世界中の製造業企業が、労働力不足を補うために、より多くの作業を自動化しようとしている。一方では、電子商取引大手が、商品の仕分け、梱包、加工を自動化する新たなアプローチを追求している。だが、いい話ばかりではない。ロボットを導入している企業を実際に訪ねてみれば、ほとんどのロボットは大して賢くもなく、使いやすくもないことに気がつくだろう。ロボットは正確に、休みなく仕事をこなすことができる。しかし、現実世界の複雑さに対してすぐに混乱をきたしてしまうし、大抵はプログラミングに大変な手間がかかる。
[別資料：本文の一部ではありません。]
section \<open>The bordered forms\<close>

lemma qform_Qbar1_mat:
  assumes "Q \<in> carrier_mat g g" "r \<in> carrier_vec g" "x \<in> carrier_vec g"
  shows "qform (Qbar1_mat Q r) (x @\<^sub>v vec1 t) = (qform Q x - (x \<bullet> r)\<^sup>2) + (t + x \<bullet> r)\<^sup>2"
proof -
  have "qform (Qbar1_mat Q r) (x @\<^sub>v vec1 t) =
      qform Q x + x \<bullet> (mat_of_cols g [r] *\<^sub>v vec1 t) + vec1 t \<bullet> (mat_of_rows g [r] *\<^sub>v x)
      + vec1 t \<bullet> (1\<^sub>m 1 *\<^sub>v vec1 t)"
    unfolding Qbar1_mat_def carrier_vecD[OF assms(2)]
    by (rule qform_four_block_mat) (use assms in auto)
  also have "\<dots> = qform Q x + t * (x \<bullet> r) + t * (r \<bullet> x) + t * t"
    using assms by (simp only: mat_of_cols_mult_vec1 mat_of_rows_mult_vec one_mult_mat_vec) simp
  finally show ?thesis
    using comm_scalar_prod[OF assms(2,3)] by (simp add: power2_eq_square algebra_simps)
qed

lemma qform_Qbar2_mat:
  assumes "Q \<in> carrier_mat g g" "r \<in> carrier_vec g" "x \<in> carrier_vec g"
  shows "qform (Qbar2_mat r Q) (vec1 t @\<^sub>v x) = (qform Q x - (x \<bullet> r)\<^sup>2) + (t + x \<bullet> r)\<^sup>2"
proof -
  have "qform (Qbar2_mat r Q) (vec1 t @\<^sub>v x) =
      vec1 t \<bullet> (1\<^sub>m 1 *\<^sub>v vec1 t) + vec1 t \<bullet> (mat_of_rows g [r] *\<^sub>v x)
      + x \<bullet> (mat_of_cols g [r] *\<^sub>v vec1 t) + qform Q x"
    unfolding Qbar2_mat_def carrier_vecD[OF assms(2)]
    by (rule qform_four_block_mat) (use assms in auto)
  also have "\<dots> = t * t + t * (r \<bullet> x) + t * (x \<bullet> r) + qform Q x"
    using assms by (simp only: mat_of_cols_mult_vec1 mat_of_rows_mult_vec one_mult_mat_vec) simp
  finally show ?thesis
    using comm_scalar_prod[OF assms(2,3)] by (simp add: power2_eq_square algebra_simps)
qed

lemma qform_Qbar_mat:
  assumes Q1: "Q1 \<in> carrier_mat g1 g1" and r1: "r1 \<in> carrier_vec g1"
    and Q2: "Q2 \<in> carrier_mat g2 g2" and r2: "r2 \<in> carrier_vec g2"
    and x1: "x1 \<in> carrier_vec g1" and x2: "x2 \<in> carrier_vec g2"
  shows "qform (Qbar_mat Q1 r1 r2 Q2) (x1 @\<^sub>v vec1 t @\<^sub>v x2) =
    (qform Q1 x1 - (x1 \<bullet> r1)\<^sup>2) + (qform Q2 x2 - (x2 \<bullet> r2)\<^sup>2) + (t + x1 \<bullet> r1 + x2 \<bullet> r2)\<^sup>2"
proof -
  define w where "w = vec1 1 @\<^sub>v r2"
  define y where "y = vec1 t @\<^sub>v x2"
  have w: "w \<in> carrier_vec (1 + g2)" and y: "y \<in> carrier_vec (1 + g2)"
    unfolding w_def y_def by (intro append_carrier_vec; use r2 x2 in simp)+
  have wy: "w \<bullet> y = t + x2 \<bullet> r2"
    unfolding w_def y_def using r2 x2
    by (simp add: scalar_prod_append[of _ 1 _ g2] comm_scalar_prod[of r2 g2])
  have Qbar2: "Qbar2_mat r2 Q2 \<in> carrier_mat (1 + g2) (1 + g2)"
    unfolding Qbar2_mat_def using Q2 r2 by auto
  have "qform (Qbar_mat Q1 r1 r2 Q2) (x1 @\<^sub>v y) =
      qform Q1 x1 + x1 \<bullet> ((mat_of_cols g1 [r1] * mat_of_rows (1 + g2) [w]) *\<^sub>v y)
      + y \<bullet> ((mat_of_cols (1 + g2) [w] * mat_of_rows g1 [r1]) *\<^sub>v x1) + qform (Qbar2_mat r2 Q2) y"
    unfolding Qbar_mat_def Let_def vec_of_list_singleton w_def[symmetric]
      carrier_vecD[OF r1] carrier_vecD[OF w]
    by (rule qform_four_block_mat) (use Q1 Qbar2 x1 y in auto)
  also have "\<dots> = qform Q1 x1 + 2 * (x1 \<bullet> r1) * (t + x2 \<bullet> r2)
      + (qform Q2 x2 - (x2 \<bullet> r2)\<^sup>2) + (t + x2 \<bullet> r2)\<^sup>2"
    using r1 x1 w y qform_Qbar2_mat[OF Q2 r2 x2, of t, folded y_def]
    by (simp add: outer_product_mult_vec comm_scalar_prod[of r1 g1] comm_scalar_prod[of y _ w] wy)
  finally show ?thesis
    unfolding y_def by (simp add: power2_eq_square algebra_simps)
qed

lemma qform_Qbar_mat_zero_right:
  assumes "Q1 \<in> carrier_mat g1 g1" "r1 \<in> carrier_vec g1" "Q2 \<in> carrier_mat g2 g2" "r2 \<in> carrier_vec g2"
    and "x1 \<in> carrier_vec g1"
  shows "qform (Qbar_mat Q1 r1 r2 Q2) (x1 @\<^sub>v vec1 t @\<^sub>v 0\<^sub>v g2) = qform (Qbar1_mat Q1 r1) (x1 @\<^sub>v vec1 t)"
  unfolding qform_Qbar_mat[OF assms zero_carrier_vec] qform_Qbar1_mat[OF assms(1,2,5)]
  using assms(3,4) by simp

lemma qform_Qbar_mat_zero_left:
  assumes "Q1 \<in> carrier_mat g1 g1" "r1 \<in> carrier_vec g1" "Q2 \<in> carrier_mat g2 g2" "r2 \<in> carrier_vec g2"
    and "x2 \<in> carrier_vec g2"
  shows "qform (Qbar_mat Q1 r1 r2 Q2) (0\<^sub>v g1 @\<^sub>v vec1 t @\<^sub>v x2) = qform (Qbar2_mat r2 Q2) (vec1 t @\<^sub>v x2)"
  unfolding qform_Qbar_mat[OF assms(1-4) zero_carrier_vec assms(5)] qform_Qbar2_mat[OF assms(3-5)]
  using assms(1,2) by simp

lemma qform_Qbar_mat_of_int_zero_right:
  assumes "Q1 \<in> carrier_mat g1 g1" "r1 \<in> carrier_vec g1" "Q2 \<in> carrier_mat g2 g2" "r2 \<in> carrier_vec g2"
    and "x1 \<in> carrier_vec g1"
  shows "qform (Qbar_mat Q1 r1 r2 Q2) (map_vec real_of_int (x1 @\<^sub>v vec1 a @\<^sub>v 0\<^sub>v g2)) =
    qform (Qbar1_mat Q1 r1) (map_vec real_of_int (x1 @\<^sub>v vec1 a))"
  unfolding map_vec_append_vec map_vec_vec1 map_vec_of_int_zero
  by (rule qform_Qbar_mat_zero_right[OF assms(1-4)]) (use assms(5) in simp)

lemma qform_Qbar_mat_of_int_zero_left:
  assumes "Q1 \<in> carrier_mat g1 g1" "r1 \<in> carrier_vec g1" "Q2 \<in> carrier_mat g2 g2" "r2 \<in> carrier_vec g2"
    and "x2 \<in> carrier_vec g2"
  shows "qform (Qbar_mat Q1 r1 r2 Q2) (map_vec real_of_int (0\<^sub>v g1 @\<^sub>v vec1 a @\<^sub>v x2)) =
    qform (Qbar2_mat r2 Q2) (map_vec real_of_int (vec1 a @\<^sub>v x2))"
  unfolding map_vec_append_vec map_vec_vec1 map_vec_of_int_zero
  by (rule qform_Qbar_mat_zero_left[OF assms(1-4)]) (use assms(5) in simp)

lemma Qbar1_mat_decomposition:
  assumes Qb: "Qb \<in> carrier_mat (g + 1) (g + 1)" and sym: "transpose_mat Qb = Qb"
    and corner: "Qb $$ (g, g) = 1"
  obtains Q r where "Q \<in> carrier_mat g g" "r \<in> carrier_vec g" "Qb = Qbar1_mat Q r"
proof
  let ?Q = "mat g g (\<lambda>(i, j). Qb $$ (i, j))" and ?r = "vec g (\<lambda>i. Qb $$ (i, g))"
  have Qb_sym: "Qb $$ (j, i) = Qb $$ (i, j)" if "i < g + 1" "j < g + 1" for i j
    using Qb that by (metis carrier_matD index_transpose_mat(1) sym)
  show "Qb = Qbar1_mat ?Q ?r"
  proof (rule eq_matI)
    fix i j assume "i < dim_row (Qbar1_mat ?Q ?r)" "j < dim_col (Qbar1_mat ?Q ?r)"
    then have "i < g + 1" "j < g + 1" by (auto simp: Qbar1_mat_def)
    then show "Qb $$ (i, j) = Qbar1_mat ?Q ?r $$ (i, j)"
      using Qb_sym[of g j] corner unfolding Qbar1_mat_def
      by (auto simp: mat_of_rows_def mat_of_cols_def less_Suc_eq)
  qed (use Qb in \<open>auto simp: Qbar1_mat_def\<close>)
qed auto

lemma Qbar2_mat_decomposition:
  assumes Qb: "Qb \<in> carrier_mat (1 + g) (1 + g)" and sym: "transpose_mat Qb = Qb"
    and corner: "Qb $$ (0, 0) = 1"
  obtains Q r where "Q \<in> carrier_mat g g" "r \<in> carrier_vec g" "Qb = Qbar2_mat r Q"
proof
  let ?Q = "mat g g (\<lambda>(i, j). Qb $$ (i + 1, j + 1))" and ?r = "vec g (\<lambda>i. Qb $$ (i + 1, 0))"
  have Qb_sym: "Qb $$ (j, i) = Qb $$ (i, j)" if "i < 1 + g" "j < 1 + g" for i j
    using Qb that by (metis carrier_matD index_transpose_mat(1) sym)
  show "Qb = Qbar2_mat ?r ?Q"
  proof (rule eq_matI)
    fix i j assume "i < dim_row (Qbar2_mat ?r ?Q)" "j < dim_col (Qbar2_mat ?r ?Q)"
    then have "i < 1 + g" "j < 1 + g" by (auto simp: Qbar2_mat_def)
    then show "Qb $$ (i, j) = Qbar2_mat ?r ?Q $$ (i, j)"
      using Qb_sym[of 0 j] corner unfolding Qbar2_mat_def
      by (cases i; cases j) (auto simp: mat_of_rows_def mat_of_cols_def)
  qed (use Qb in \<open>auto simp: Qbar2_mat_def\<close>)
qed auto

lemma transpose_Qbar_mat:
  assumes Q1: "Q1 \<in> carrier_mat g1 g1" and r1: "r1 \<in> carrier_vec g1"
    and Q2: "Q2 \<in> carrier_mat g2 g2" and r2: "r2 \<in> carrier_vec g2"
    and sym1: "transpose_mat Q1 = Q1" and sym2: "transpose_mat (Qbar2_mat r2 Q2) = Qbar2_mat r2 Q2"
  shows "transpose_mat (Qbar_mat Q1 r1 r2 Q2) = Qbar_mat Q1 r1 r2 Q2"
proof -
  define w where "w = vec_of_list [1::real] @\<^sub>v r2"
  have w: "w \<in> carrier_vec (1 + g2)"
    unfolding w_def vec_of_list_singleton by (intro append_carrier_vec; use r2 in simp)
  have Qbar2: "Qbar2_mat r2 Q2 \<in> carrier_mat (1 + g2) (1 + g2)"
    unfolding Qbar2_mat_def using Q2 r2 by auto
  have outer: "transpose_mat (mat_of_cols n [u] * mat_of_rows m [v]) = mat_of_cols m [v] * mat_of_rows n [u]"
    for u v :: "real vec" and n m
    by (subst transpose_mult[of _ n 1 _ m]) (auto simp: transpose_mat_of_rows transpose_mat_of_cols)
  show ?thesis
    unfolding Qbar_mat_def Let_def w_def[symmetric] carrier_vecD[OF r1] carrier_vecD[OF w]
    by (subst transpose_four_block_mat[OF Q1 _ _ Qbar2]) (auto simp: outer sym1 sym2)
qed

section \<open>Schur complements\<close>

lemma schur_qform_pos_Qbar1:
  assumes "Q \<in> carrier_mat g g" "r \<in> carrier_vec g" "pos_def_mat (Qbar1_mat Q r) (g + 1)"
    "x \<in> carrier_vec g" "x \<noteq> 0\<^sub>v g"
  shows "0 < qform Q x - (x \<bullet> r)\<^sup>2"
proof -
  have "x @\<^sub>v vec1 (- (x \<bullet> r)) \<in> carrier_vec (g + 1)"
    "x @\<^sub>v vec1 (- (x \<bullet> r)) \<noteq> 0\<^sub>v (g + 1)"
    using append_vec_nonzero[OF assms(4), of "vec1 (- (x \<bullet> r))" 1] assms(5) by auto
  then show ?thesis
    using assms(3) qform_Qbar1_mat[OF assms(1,2,4)] unfolding pos_def_mat_def by fastforce
qed

lemma schur_qform_pos_Qbar2:
  assumes "Q \<in> carrier_mat g g" "r \<in> carrier_vec g" "pos_def_mat (Qbar2_mat r Q) (1 + g)"
    "x \<in> carrier_vec g" "x \<noteq> 0\<^sub>v g"
  shows "0 < qform Q x - (x \<bullet> r)\<^sup>2"
proof -
  have "vec1 (- (x \<bullet> r)) @\<^sub>v x \<in> carrier_vec (1 + g)"
    "vec1 (- (x \<bullet> r)) @\<^sub>v x \<noteq> 0\<^sub>v (1 + g)"
    using append_vec_nonzero[OF _ assms(4), of "vec1 (- (x \<bullet> r))" 1] assms(5) by auto
  then show ?thesis
    using assms(3) qform_Qbar2_mat[OF assms(1,2,4)] unfolding pos_def_mat_def by fastforce
qed

lemma three_quarters_le_by_rounding:
  fixes R s :: real
  assumes "\<And>a::int. 1 \<le> R + (of_int a + s)\<^sup>2"
  shows "3/4 \<le> R"
proof -
  define a where "a = - \<lfloor>s + 1/2\<rfloor>"
  have "\<bar>of_int a + s\<bar> \<le> 1/2"
    unfolding a_def by linarith
  then have "(of_int a + s)\<^sup>2 \<le> (1/2)\<^sup>2"
    by (simp only: power2_le_iff_abs_le)
  with assms[of a] show ?thesis
    by (simp add: power_divide)
qed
リシンクは安全かつ非常に簡単に利用できる2種類のロボット、「バクスター(Baxter)」と「ソーヤー(Sawyer)」でこうした状況を変えようとした(「リシンク、人間の隣で動作しても安全なロボットの最新版を発表」を参照)。これらのロボットは、人間が実際に動かして作業をさせることで、たとえば物体をベルトコンベアから持ち上げ …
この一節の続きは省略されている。